KB-4C86
02 — Leaf-Set Definition (Branch B)
4 min read Revision 1
registries-pivotleaf-setbranch-baccounting-invariantrollupdata-drivenno-hardcode2026-05-31
title: 02 — Leaf-Set Definition (Branch B) date: 2026-05-31 verdict: LEAF_SET_RULE = EXPLICIT + DATA-DRIVEN (no hardcoded code list); 160 leaf / 9 rollup
02 — Leaf-Set Definition (Branch B)
The accounting invariant total = counted + orphan + phantom is only meaningful over a set with no nested rollups. meta_catalog (169 rows) mixes leaf object-sets with rollup/meta summary rows; a blind SUM double-counts — the exact disguised-math trap Đ28 forbids.
composition_level distribution (live, all 169 rows)
| composition_level | rows | Σrecord | Σactual | Σorphan |
|---|---|---|---|---|
| atom | 77 | 3,635,579 | 3,836,259 | 0 |
| molecule | 51 | 1,670 | 1,677 | 0 |
| compound | 34 | 846 | 749 | 0 |
| material | 2 | 58 | 113 | 0 |
| meta | 3 | 517 | null | 161 |
| product | 1 | 0 | 0 | 0 |
| building | 1 | 0 | 0 | 0 |
The 9 rollup/meta rows (must be EXCLUDED from the invariant)

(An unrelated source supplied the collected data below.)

(* Let $ABCD$ be a (nondegenerate) rectangle and let $E,F,P,Q$ be points in the same plane. Assume that $h_{BC}(EF)>|AB|$ and $h_{AB}(PQ)>|BC|$. Then $$\mu(ABCDEFPQ)\geq \tfrac{1}{2}\bigl(h_{BC}(EF)-|AB|\bigr)|BC|+\tfrac{1}{2}\bigl(h_{AB}(PQ)-|BC|\bigr)|AB|+|AB||BC|.$$
   Context: For points $K_1,\dots,K_n$ in the plane, $\mu(K_1K_2\cdots K_n)$ denotes the area of the convex hull of $\{K_1,\dots,K_n\}$. For points $A,B$ and distinct points $D,C$, the height $h_{DC}(AB)$ is the distance between the two lines parallel to $DC$ passing through $A$ and through $B$ (i.e. the length of the perpendicular from one of $A,B$ to the parallel of $DC$ through the other). $|XY|$ denotes the length of segment $XY$. *)

theory Defs
  imports "HOL-Analysis.Analysis"
begin

type_synonym point = "real ^ 2"

definition hull_area :: "point set \<Rightarrow> real" where
  "hull_area S = measure lebesgue (convex hull S)"

definition is_rectangle :: "point \<Rightarrow> point \<Rightarrow> point \<Rightarrow> point \<Rightarrow> bool" where
  "is_rectangle A B C D \<longleftrightarrow> A \<noteq> B \<and> B \<noteq> C \<and> (A - B) \<bullet> (C - B) = 0 \<and> D = A + (C - B)"

text \<open>h_{DC}(AB): distance from B to the line through A parallel to DC.\<close>
definition height :: "point \<Rightarrow> point \<Rightarrow> point \<Rightarrow> point \<Rightarrow> real" where
  "height D C A B = infdist B {A + t *\<^sub>R (C - D) | t. True}"

end

theory Submission
  imports Defs
begin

| code | entity_type | composition_level | record | actual | note |
|---|---|---|---|---|---|
| CAT-ALL | all |
atom | 1,682,270 | 1,919,748 | grand rollup of all atoms — sits inside the atom level → the double-count trap |
| CAT-MOL | molecule_total |
molecule | 774 | 766 | per-layer rollup |
| CAT-CMP | compound_total |
compound | 423 | 326 | per-layer rollup |
| CAT-MAT | material_total |
material | 0 | 55 | per-layer rollup |
| CAT-BLD | building_total |
building | 0 | 0 | per-layer rollup |
| CAT-PRD | product_total |
product | 0 | 0 | per-layer rollup |
| CAT-DOT | dot_total |
meta | 307 | null | DOT registry rollup (carries 140 orphans) |
| CAT-COL | collection_total |
meta | 168 | null | collection registry rollup (20 orphans) |
| CAT-SPE | species_total |
meta | 42 | null | species rollup (1 orphan) |
LEAF-SET RULE (data-driven; no hardcoded code list)
leaf_set := meta_catalog
WHERE composition_level <> 'meta' -- excludes CAT-DOT/COL/SPE
AND entity_type NOT LIKE '%_total' -- excludes CAT-MOL/CMP/MAT/BLD/PRD
AND entity_type <> 'all' -- excludes CAT-ALL (lives inside 'atom')
- Live result: 160 leaf rows (169 − 9). Cross-check inside the rehearsal:
meta_rollup_record_excluded = 517= 307+168+42 ✓ (the three meta rows), and CAT-ALL/layer-totals excluded byentity_type. - The rule keys on existing data columns only (
composition_level,entity_type) — there is no hardcoded list of CAT codes. It survives new categories: any new*_total/all/metarow is auto-excluded; any new real object-set is auto-included.
Which rows are what
- Leaf / real object-set (160): each maps to a concrete substrate via
source_location(e.g.Directus:birth_registry,Directus:entity_labels,File:dot/bin/). Top leaves: CAT-023 birth 980,378 · CAT-068 entity_labels 690,341 · CAT-017 system_issue 171,939 · CAT-016 changelog 66,095 · CAT-141 measurement_log 31,984. - Rollup / derived-summary (9): the table re-aggregates leaves (per-layer
*_total, the globalall, and the threemetaregistry totals). These are display conveniences, not object-sets. - Excluded from invariant computation: the 9 rollups.
Residual gaps (recorded, not hidden)
- LEAF_SET is necessary but not provably MECE. Even within the 160 leaves there may be overlap (e.g. a "junction_table" count vs an "all" count of the same physical rows). The rule removes the known rollups; it cannot guarantee mutual exclusivity. → The true cross-check anchor is PIV-500 (a grand-total pivot over the universal object substrate, e.g.
birth_registry), not a catalog re-sum. PIV-500 isPIVOT_MISSING(doc 03). - 5 leaf rows have
actual_count IS NULL(leaf_actual_null = 5) → those leaves arecount_integrity_status='unverified'(can't be reconciled until scanned). - The leaf rule lives in PG (a view
v_registry_leaf_set, rehearsed in doc 04). It must never be re-implemented as a Nuxt filter (Đ28 NT-D1).